WHAT YOU ARE ASKED TO DO » Stop after the line with "(\<mu> g) \<le>"; until then, please copy every line of the records word for word from the first.

PROVIDED ENTRIES »
lemma mult_Pge_Pgt: "x \<in> Pge \<mu> \<alpha> \<Longrightarrow> y \<in> Pgt \<mu> \<beta> \<Longrightarrow> x * y \<in> Pgt \<mu> (\<alpha> + \<beta>)"
  using val_mult[of x y] add_le_less_mono[of \<alpha> "\<mu> x" \<beta> "\<mu> y"]
  by (cases "x = 0 \<or> y = 0") (auto simp: Pgt_def Pge_def)

lemma mult_Pgt_Pge: "x \<in> Pgt \<mu> \<alpha> \<Longrightarrow> y \<in> Pge \<mu> \<beta> \<Longrightarrow> x * y \<in> Pgt \<mu> (\<alpha> + \<beta>)"
  using mult_Pge_Pgt[of y \<beta> x \<alpha>] by (simp add: mult.commute add.commute)

lemma val_add_eq_min:
  assumes "f \<noteq> 0" "g \<noteq> 0" "\<mu> f \<noteq> \<mu> g"
  shows "f + g \<noteq> 0" and "\<mu> (f + g) = min (\<mu> f) (\<mu> g)"
proof -
  show "f + g \<noteq> 0"
    using assms by (metis add_eq_0_iff val_uminus)
  moreover have "min (\<mu> (f + g)) (\<mu> g) \<le> \<mu> f"
    using val_add_ge_min[of "f + g" "- g"] assms calculation by simp
  moreover have "min (\<mu> (f + g)) (\<mu> f) \<le> \<mu> g"
    using val_add_ge_min[of "f + g" "- f"] assms calculation by simp
  ultimately show "\<mu> (f + g) = min (\<mu> f) (\<mu> g)"
    using val_add_ge_min[of f g] assms by (auto simp: min_def split: if_splits)
qed
(* Let $\mathcal{F}$ be the class of planar graphs of maximum degree at most $4$, and let $G \in \mathcal{F}$ be a graph with $\chi_2(G) > 12$ that minimizes the pair $(|V(G)|, |E(G)|)$ (lexicographically) among all graphs of $\mathcal{F}$ with $\chi_2 > 12$, with a fixed planar embedding. Then $G$ does not contain a $3$-vertex incident to two $4$-faces.
   Context: All graphs are finite, without loops or parallel edges. A distance-$2$ coloring of a graph is an assignment of colors to its vertices such that any two distinct vertices at distance at most $2$ receive different colors; $\chi_2(G)$ is the minimum number of colors in a distance-$2$ coloring of $G$. A $d$-vertex is a vertex of degree $d$. The degree of a face is the number of edges incident to it, counted with multiplicity; a $d$-face is a face of degree $d$. A vertex is incident to a face if it lies on its boundary. *)

theory Defs
  imports Main
begin

definition simple_graph :: "'a set \<Rightarrow> 'a set set \<Rightarrow> bool" where
  "simple_graph V E \<longleftrightarrow> finite V \<and>
     (\<forall>e\<in>E. \<exists>u v. u \<noteq> v \<and> u \<in> V \<and> v \<in> V \<and> e = {u, v})"

definition adj :: "'a set set \<Rightarrow> 'a \<Rightarrow> 'a \<Rightarrow> bool" where
  "adj E u v \<longleftrightarrow> {u, v} \<in> E"

definition degree :: "'a set set \<Rightarrow> 'a \<Rightarrow> nat" where
  "degree E v = card {u. {u, v} \<in> E}"

definition max_degree_le :: "'a set \<Rightarrow> 'a set set \<Rightarrow> nat \<Rightarrow> bool" where
  "max_degree_le V E k \<longleftrightarrow> (\<forall>v\<in>V. degree E v \<le> k)"

definition dist_le2 :: "'a set \<Rightarrow> 'a set set \<Rightarrow> 'a \<Rightarrow> 'a \<Rightarrow> bool" where
  "dist_le2 V E u v \<longleftrightarrow> adj E u v \<or> (\<exists>w\<in>V. adj E u w \<and> adj E w v)"

definition dist2_coloring :: "'a set \<Rightarrow> 'a set set \<Rightarrow> ('a \<Rightarrow> nat) \<Rightarrow> nat \<Rightarrow> bool" where
  "dist2_coloring V E c k \<longleftrightarrow> (\<forall>v\<in>V. c v < k) \<and>
     (\<forall>u\<in>V. \<forall>v\<in>V. u \<noteq> v \<and> dist_le2 V E u v \<longrightarrow> c u \<noteq> c v)"

definition chi2 :: "'a set \<Rightarrow> 'a set set \<Rightarrow> nat" where
  "chi2 V E = (LEAST k. \<exists>c. dist2_coloring V E c k)"

text \<open>A rotation system sigma is a permutation of the darts fixing the tail, whose restriction to
  the darts leaving any vertex is a single cycle (the cyclic order of edges around the vertex).\<close>

definition darts :: "'a set set \<Rightarrow> ('a \<times> 'a) set" where
  "darts E = {(u, v). {u, v} \<in> E}"

definition rotation_system :: "'a set \<Rightarrow> 'a set set \<Rightarrow> ('a \<times> 'a \<Rightarrow> 'a \<times> 'a) \<Rightarrow> bool" where
  "rotation_system V E \<sigma> \<longleftrightarrow> bij_betw \<sigma> (darts E) (darts E) \<and>
     (\<forall>d\<in>darts E. fst (\<sigma> d) = fst d) \<and>
     (\<forall>d\<in>darts E. \<forall>d'\<in>darts E. fst d = fst d' \<longrightarrow> (\<exists>n. (\<sigma> ^^ n) d = d'))"

definition face_perm :: "('a \<times> 'a \<Rightarrow> 'a \<times> 'a) \<Rightarrow> 'a \<times> 'a \<Rightarrow> 'a \<times> 'a" where
  "face_perm \<sigma> d = \<sigma> (snd d, fst d)"

definition face_of :: "('a \<times> 'a \<Rightarrow> 'a \<times> 'a) \<Rightarrow> 'a \<times> 'a \<Rightarrow> ('a \<times> 'a) set" where
  "face_of \<sigma> d = {(face_perm \<sigma> ^^ n) d | n. True}"

definition faces :: "'a set set \<Rightarrow> ('a \<times> 'a \<Rightarrow> 'a \<times> 'a) \<Rightarrow> ('a \<times> 'a) set set" where
  "faces E \<sigma> = face_of \<sigma> ` darts E"

text \<open>Degree of a face = number of edge sides on its boundary walk = number of darts in it
  (edges counted with multiplicity). A vertex is incident to a face if it lies on its boundary.\<close>
definition face_degree :: "('a \<times> 'a) set \<Rightarrow> nat" where
  "face_degree f = card f"

definition incident_face :: "'a \<Rightarrow> ('a \<times> 'a) set \<Rightarrow> bool" where
  "incident_face v f \<longleftrightarrow> (\<exists>d\<in>f. fst d = v)"

definition reach :: "'a set \<Rightarrow> 'a set set \<Rightarrow> 'a \<Rightarrow> 'a \<Rightarrow> bool" where
  "reach V E = (\<lambda>u v. u \<in> V \<and> v \<in> V \<and> adj E u v)\<^sup>*\<^sup>*"

definition component :: "'a set \<Rightarrow> 'a set set \<Rightarrow> 'a \<Rightarrow> 'a set" where
  "component V E v = {w \<in> V. reach V E v w}"
lemma adjacent_pathsE:
  assumes adj: "adjacent (dict R k) (paths s t G i k) p q"
  obtains u a b m where "p = u @ a # pref (highest (t a)) m" "q = u @ b # pref (lowest (t b)) m"
    "adjacent R {e \<in> G. s e = s a} a b"
proof -
  have P: "p \<in> paths s t G i k" and Q: "q \<in> paths s t G i k" and "dict R k p q"
    using adj unfolding adjacent_def by auto
  then obtain l where l: "l < k" "take l p = take l q" "R (p ! l) (q ! l)"
    unfolding dict_def by blast
  define u a b m where "u = take l p" and "a = p ! l" and "b = q ! l" and "m = k - Suc l"
  define x y where "x = drop (Suc l) p" and "y = drop (Suc l) q"
  have p: "p = u @ a # x" and q: "q = u @ b # y"
    unfolding u_def a_def b_def x_def y_def using l pathsD(1)[OF P] pathsD(1)[OF Q]
    by (metis id_take_nth_drop)+
  have k: "k = length u + Suc m"
    unfolding u_def m_def using l(1) pathsD(1)[OF P] by simp
  have "length x = m" "length y = m"
    using pathsD(1)[OF P] pathsD(1)[OF Q] k unfolding p q by simp_all
  then have "a # x \<in> paths s t G (s a) (Suc m)" "b # y \<in> paths s t G (s b) (Suc m)"
    using suffix_in_paths[OF P[unfolded p]] suffix_in_paths[OF Q[unfolded q]] by simp_all
  then have a: "a \<in> G" "x \<in> paths s t G (t a) m" "t a \<in> V" and b: "b \<in> G" "y \<in> paths s t G (t b) m" "t b \<in> V"
    using edge_vertices(2) by (auto simp: Cons_in_paths_iff)
  have "R a b" "s b = s a"
    using l(3) R_edges unfolding a_def b_def by auto
  have no_path_between: "\<not> (dict R (Suc m) (a # x) (c # z) \<and> dict R (Suc m) (c # z) (b # y))"
    if "c \<in> G" "s c = s a" "z \<in> paths s t G (t c) m" for c z
  proof -
    have "u @ c # z \<in> paths s t G i k"
      using branch_in_paths[OF P[unfolded p]] that pathsD(1)[OF a(2)] by (simp add: Cons_in_paths_iff)
    then show ?thesis
      using adj dict_append_same[of u "Suc m"] unfolding adjacent_def p q k by blast
  qed
  have "x = pref (highest (t a)) m"
  proof (rule ccontr)
    assume "x \<noteq> pref (highest (t a)) m"
    then have "dict R m x (pref (highest (t a)) m)"
      using highest_prefix_greatest a by blast
    then show False
      using no_path_between[OF a(1) refl pref_in_paths[OF highest_in_ipaths[OF a(3)]]] \<open>R a b\<close>
      by (simp add: dict_Cons_Cons)
  qed
  moreover have "y = pref (lowest (t b)) m"
  proof (rule ccontr)
    assume "y \<noteq> pref (lowest (t b)) m"
    then have "dict R m (pref (lowest (t b)) m) y"
      using lowest_prefix_least b by blast
    then show False
      using no_path_between[OF b(1) \<open>s b = s a\<close> pref_in_paths[OF lowest_in_ipaths[OF b(3)]]] \<open>R a b\<close>
      by (simp add: dict_Cons_Cons)
  qed
  moreover have "adjacent R {e \<in> G. s e = s a} a b"
  proof -
    have "\<not> (R a c \<and> R c b)" if "c \<in> G" "s c = s a" for c
    proof -
      have "t c \<in> V"
        using edge_vertices(2) that(1) by blast
      then show ?thesis
        using no_path_between[OF that pref_in_paths[OF lowest_in_ipaths]] by (auto simp: dict_Cons_Cons)
    qed
    then show ?thesis
      unfolding adjacent_def using a(1) b(1) \<open>R a b\<close> \<open>s b = s a\<close> by auto
  qed
  ultimately show thesis
    using that p q by blast
qed
(* For every signaling scheme $\mathcal{Z}$ for $\mathcal{D}$ there exists an efficient signaling scheme $\mathcal{Z}^E$ for $\mathcal{D}$ such that: (1) $cs_{v_i}(\mathcal{Z}^E)=cs_{v_i}(\mathcal{Z})$ for every $i\in[n]$; (2) $\mathcal{Z}^E$ consists of at most $n$ signals, whose lowest supports (smallest values with nonzero mass) are pairwise distinct.
   Context: Values and prior. $0<v_1<\dots<v_n$ are reals, and $\mathcal{D}$ is a distribution on $\{v_1,\dots,v_n\}$ with $f_{\mathcal{D}}(v_i)>0$. Signals and pricing. A signal is a distribution $S$ on these values, with $G_S(p)=\Pr_{v\sim S}[v\ge p]$. The seller posts $p^*_S$, the smallest $v$ in the support of $S$ maximizing $v\,G_S(v)$. The surplus of value $v$ is $cs_v(S)=\mathbb{1}[v\ge p^*_S](v-p^*_S)$. Signaling schemes. A signaling scheme is $\mathcal{Z}=\{(S_q,\gamma_q)\}$ with $\gamma_q\ge0$, $\sum\gamma_q=1$ and $\sum_q\gamma_q f_{S_q}=f_{\mathcal{D}}$. Its expected consumer surplus at $v_i$ is $cs_{v_i}(\mathcal{Z})=\sum_q cs_{v_i}(S_q)\gamma_q f_{S_q}(v_i)/f_{\mathcal{D}}(v_i)$. The scheme is efficient if for every signal $S_q$, $p^*_{S_q}$ is the smallest value in the support of $S_q$. *)

theory Defs
  imports Main "HOL-Library.Multiset" Complex_Main
begin

text \<open>Values are indexed by 0..<n: v 0 < v 1 < ... < v (n-1). A distribution on the
values (prior or signal) is a function on indices.\<close>

definition valid_values :: "nat \<Rightarrow> (nat \<Rightarrow> real) \<Rightarrow> bool" where
  "valid_values n v \<longleftrightarrow> (\<forall>i<n. 0 < v i) \<and> (\<forall>i j. i < j \<longrightarrow> j < n \<longrightarrow> v i < v j)"

definition is_dist :: "nat \<Rightarrow> (nat \<Rightarrow> real) \<Rightarrow> bool" where
  "is_dist n S \<longleftrightarrow> (\<forall>i<n. 0 \<le> S i) \<and> (\<Sum>i<n. S i) = 1"

definition prior :: "nat \<Rightarrow> (nat \<Rightarrow> real) \<Rightarrow> bool" where
  "prior n f \<longleftrightarrow> is_dist n f \<and> (\<forall>i<n. 0 < f i)"

definition supp :: "nat \<Rightarrow> (nat \<Rightarrow> real) \<Rightarrow> nat set" where
  "supp n S = {i. i < n \<and> 0 < S i}"

definition G :: "nat \<Rightarrow> (nat \<Rightarrow> real) \<Rightarrow> (nat \<Rightarrow> real) \<Rightarrow> real \<Rightarrow> real" where
  "G n v S p = (\<Sum>i\<in>{i. i < n \<and> p \<le> v i}. S i)"

definition price_idx :: "nat \<Rightarrow> (nat \<Rightarrow> real) \<Rightarrow> (nat \<Rightarrow> real) \<Rightarrow> nat" where
  "price_idx n v S = (LEAST i. i \<in> supp n S \<and>
      (\<forall>j\<in>supp n S. v j * G n v S (v j) \<le> v i * G n v S (v i)))"

definition price :: "nat \<Rightarrow> (nat \<Rightarrow> real) \<Rightarrow> (nat \<Rightarrow> real) \<Rightarrow> real" where
  "price n v S = v (price_idx n v S)"

definition cs_sig :: "nat \<Rightarrow> (nat \<Rightarrow> real) \<Rightarrow> (nat \<Rightarrow> real) \<Rightarrow> nat \<Rightarrow> real" where
  "cs_sig n v S i = (if price n v S \<le> v i then v i - price n v S else 0)"

type_synonym scheme = "((nat \<Rightarrow> real) \<times> real) list"

definition is_scheme :: "nat \<Rightarrow> (nat \<Rightarrow> real) \<Rightarrow> scheme \<Rightarrow> bool" where
  "is_scheme n f Z \<longleftrightarrow>
     (\<forall>(S, \<gamma>) \<in> set Z. is_dist n S \<and> 0 \<le> \<gamma>) \<and>
     (\<Sum>(S, \<gamma>) \<leftarrow> Z. \<gamma>) = 1 \<and>
     (\<forall>i<n. (\<Sum>(S, \<gamma>) \<leftarrow> Z. \<gamma> * S i) = f i)"

definition cs_scheme :: "nat \<Rightarrow> (nat \<Rightarrow> real) \<Rightarrow> (nat \<Rightarrow> real) \<Rightarrow> scheme \<Rightarrow> nat \<Rightarrow> real" where
  "cs_scheme n v f Z i = (\<Sum>(S, \<gamma>) \<leftarrow> Z. cs_sig n v S i * \<gamma> * S i / f i)"

definition low :: "nat \<Rightarrow> (nat \<Rightarrow> real) \<Rightarrow> nat" where
  "low n S = Min (supp n S)"

definition efficient :: "nat \<Rightarrow> (nat \<Rightarrow> real) \<Rightarrow> scheme \<Rightarrow> bool" where
  "efficient n v Z \<longleftrightarrow> (\<forall>(S, \<gamma>) \<in> set Z. price_idx n v S = low n S)"

end

theory Submission
  imports Defs
begin

text \<open>Pool the buyers by the price they end up facing: a buyer of value \<open>v\<^sub>i\<close> who receives a
  signal priced at \<open>v\<^sub>p\<close> is moved to pool \<open>min p i\<close>. Buyers at or above the price keep
  their price and surplus; buyers below it had no surplus and, now charged their own value,
  still have none. Pool \<open>l\<close> lives on the values \<open>\<ge> v\<^sub>l\<close> and has mass at \<open>v\<^sub>l\<close>. Posting
  \<open>v\<^sub>l\<close> sells to the whole pool, and this beats every higher price \<open>v\<^sub>j\<close>, because the part
  of the pool above \<open>v\<^sub>l\<close> comes only from signals for which \<open>v\<^sub>l\<close> was already an optimal
  price, so each of them earns at least as much at \<open>v\<^sub>l\<close> as at \<open>v\<^sub>j\<close>. Hence every pool is an
  efficient signal, and the at most \<open>n\<close> nonempty pools have distinct lowest values.\<close>

lemma sum_list_sum_swap:
  "(\<Sum>x\<leftarrow>xs. \<Sum>a\<in>A. F x a) = (\<Sum>a\<in>A. \<Sum>x\<leftarrow>xs. F x a)"
  by (induction xs) (simp_all add: sum.distrib)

ANSWER BELOW »
lemma mult_Pge_Pgt: "x \<in> Pge \<mu> \<alpha> \<Longrightarrow> y \<in> Pgt \<mu> \<beta> \<Longrightarrow> x * y \<in> Pgt \<mu> (\<alpha> + \<beta>)"
  using val_mult[of x y] add_le_less_mono[of \<alpha> "\<mu> x" \<beta> "\<mu> y"]
  by (cases "x = 0 \<or> y = 0") (auto simp: Pgt_def Pge_def)

lemma mult_Pgt_Pge: "x \<in> Pgt \<mu> \<alpha> \<Longrightarrow> y \<in> Pge \<mu> \<beta> \<Longrightarrow> x * y \<in> Pgt \<mu> (\<alpha> + \<beta>)"
  using mult_Pge_Pgt[of y \<beta> x \<alpha>] by (simp add: mult.commute add.commute)

lemma val_add_eq_min:
  assumes "f \<noteq> 0" "g \<noteq> 0" "\<mu> f \<noteq> \<mu> g"
  shows "f + g \<noteq> 0" and "\<mu> (f + g) = min (\<mu> f) (\<mu> g)"
proof -
  show "f + g \<noteq> 0"
    using assms by (metis add_eq_0_iff val_uminus)
  moreover have "min (\<mu> (f + g)) (\<mu> g) \<le> \<mu> f"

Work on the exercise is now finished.